Oui, je suis président de la GTU depuis 2005. Depuis, j’ai toujours été réélu. C’est le choix des membres de la GTU.

Mais en même temps, laissez-moi vous dire que l’année prochaine je pars à la retraite en tant qu’enseignant. J’aurai droit à plusieurs mois de congé préretraite. Mais une fois que j’aurais atteint l’âge de la retraite, je ne resterai pas une seule seconde comme président de la GTU. Et pourtant, certains souhaitent que je reste. Ce ne sera pas le cas. Vous pourrez vérifier par vous-même en temps et lieu.

Pour terminer, qu’est-ce qui vous a le plus marqué durant votre carrière de syndicaliste ? 
Sans aucun doute l’alignement des salaires des instituteurs du primaire sur ceux des enseignants des collèges. Ce fut une âpre lutte. En 2012, j’avais appris que le rapport du PRB allait faire une telle recommandation. Je n’étais pas trop sûr et je voulais m’assurer auprès de ce bureau. Quelqu’un m’a dit d’aller dormir sur mes lauriers, car il y aura cette recommandation. Or à la surprise générale, cela n’était pas inclus. J’ai appris par la suite qu’il y a eu un fort lobby qui s’était formé de la part des syndicalistes…

Et savez-vous qui était derrière ce mouvement ? 
Cela coule de source. Qui est cet enseignant du secondaire qui aurait souhaité qu’un instituteur du primaire touche les mêmes salaires que lui ! Ils pensent qu’ils ont un autre statut et se prennent pour des supérieurs. Et pourtant au niveau du primaire, il y a des instituteurs qui sont plus compétents que certains enseignants du secondaire.

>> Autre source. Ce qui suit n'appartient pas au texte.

lemma slack_poly_dim_ge5:
  fixes n S \<mu> e s :: real
  assumes n: "n \<ge> 5" and s: "s = sqrt (3*n^2+1)" and S: "S > 0"
    and \<mu>: "\<mu>/S \<ge> - (s - (n-1))/(2*n)" "\<mu> \<le> S/n"
    and e: "e = (s - (n+1))/(3*(n-1)) * ((s - (n-1))/(2*n) + \<mu>/S)"
  shows "0 \<le> e" "slack_poly n S e 0 \<ge> 0" "slack_poly n S e (S - \<mu>) \<ge> 0"
proof -
  have s2: "s^2 = 3*n^2+1" using s by simp
  have "(n+1)^2 \<le> s^2" using s2 n by (simp add: power2_eq_square algebra_simps)
  then have sn: "s \<ge> n + 1" using s by (simp add: real_le_rsqrt)
  define Z where "Z = 2*n*((s - (n-1))/(2*n) + \<mu>/S)"
  have "(s - (n-1))/(2*n) + \<mu>/S \<ge> 0"
    using \<mu>(1) minus_divide_left[of "s - (n-1)" "2*n"] by linarith
  then have Z0: "Z \<ge> 0" using n unfolding Z_def by simp
  have "n*(\<mu>/S) \<le> 1" using \<mu>(2) S n by (simp add: field_simps)
  moreover have "Z = s - n + 1 + 2*(n*(\<mu>/S))" unfolding Z_def using n by (simp add: field_simps)
  ultimately have Z1: "Z \<le> s - n + 3" by linarith
  have he: "6*n*(n-1)*e = (s-n-1)*Z" using n unfolding e Z_def by (simp add: field_simps)
  have "(6*n*(n-1))*e \<ge> 0" using he sn Z0 by simp
  moreover have "6*n*(n-1) > 0" using n by simp
  ultimately show "0 \<le> e" by (simp add: zero_le_mult_iff)
  have "(s-n-1)*Z \<le> (s-n-1)*(s-n+3)" using Z1 sn by (simp add: mult_left_mono)
  also have "\<dots> = 2*n*(n-1) - 2*(n-1)*(s-n-1)" using s2 by algebra
  also have "\<dots> \<le> 2*n*(n-1)" using sn n by simp
  finally have "(2*n*(n-1))*(3*e) \<le> (2*n*(n-1))*1" using he by (simp add: algebra_simps)
  moreover have "2*n*(n-1) > 0" using n by simp
  ultimately have "3*e \<le> 1" using mult_le_cancel_left_pos by blast
  then have "e \<le> 1/3" by simp
  then show "slack_poly n S e 0 \<ge> 0" using n by (simp add: slack_poly_at_zero)
  have "2*n*(S - \<mu>) = S*(n+1+s-Z)" using n S unfolding Z_def by (simp add: field_simps)
  then show "slack_poly n S e (S - \<mu>) \<ge> 0"
    using slack_poly_dim_ge5_endpoint[OF n s2 sn Z0 Z1 he] by simp
qed
(* Let $k$ be a positive integer and $p$ a prime. Then: (1) every integer of the form $p_1^{2p^k-1}$ with $p_1$ prime is $p^k$-$T_0T^\ast$-perfect; (2) if $k\ge 2$ and $p$ is odd, then every integer of the form $p_1^{(p^{a_1}-1)/2}\cdot p_2^{(p^{a_2}-1)/2}$, where $p_1\neq p_2$ are primes and $a_1,a_2$ are positive integers with $a_1+a_2=k$, is $p^k$-$T_0T^\ast$-perfect; (3) every integer $n>1$ that is $p^k$-$T_0T^\ast$-perfect is either of the form $p_1^{2p^k-1}$ with $p_1$ prime, or (with $p$ odd) of the form $p_1^{(p^{a_1}-1)/2}\cdot p_2^{(p^{a_2}-1)/2}$ with distinct primes $p_1,p_2$ and positive integers $a_1,a_2$ with $a_1+a_2=k$.
   Context: For a positive integer $m$, $T(m)$ denotes the product of all positive divisors of $m$, and $T^\ast(m)$ the product of all unitary divisors of $m$ (divisors $d$ with $\gcd(d,m/d)=1$). For an integer $K\ge 2$, an integer $n>1$ is called $K$-$T_0T^\ast$-perfect if $T(T^\ast(n))=n^K$. *)

theory Defs
  imports "HOL-Computational_Algebra.Primes"
begin

definition divisor_prod :: "nat \<Rightarrow> nat" where
  "divisor_prod m = (\<Prod>d\<in>{d. d dvd m}. d)"

definition unitary_divisors :: "nat \<Rightarrow> nat set" where
  "unitary_divisors m = {d. d dvd m \<and> coprime d (m div d)}"

definition unitary_divisor_prod :: "nat \<Rightarrow> nat" where
  "unitary_divisor_prod m = (\<Prod>d\<in>unitary_divisors m. d)"

definition T0Tstar_perfect :: "nat \<Rightarrow> nat \<Rightarrow> bool" where
  "T0Tstar_perfect K n \<longleftrightarrow> 2 \<le> K \<and> 1 < n \<and> divisor_prod (unitary_divisor_prod n) = n ^ K"

end

theory Submission
  imports Defs "HOL-Library.FuncSet" "HOL-Number_Theory.Totient"
begin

Je poursuis mon récit. Quand cela n’a pas été inclus, j’ai fait des démarches pour que le tir soit rectifié dans le rapport des Errors and Omissions. Le comité était présidé par Dev Manraj. Ils ont tout fait pour que l’alignement des salaires ne soit pas une réalité. Mais Dev Manraj a fait ce qui était juste et les instituteurs ont obtenu gain de cause.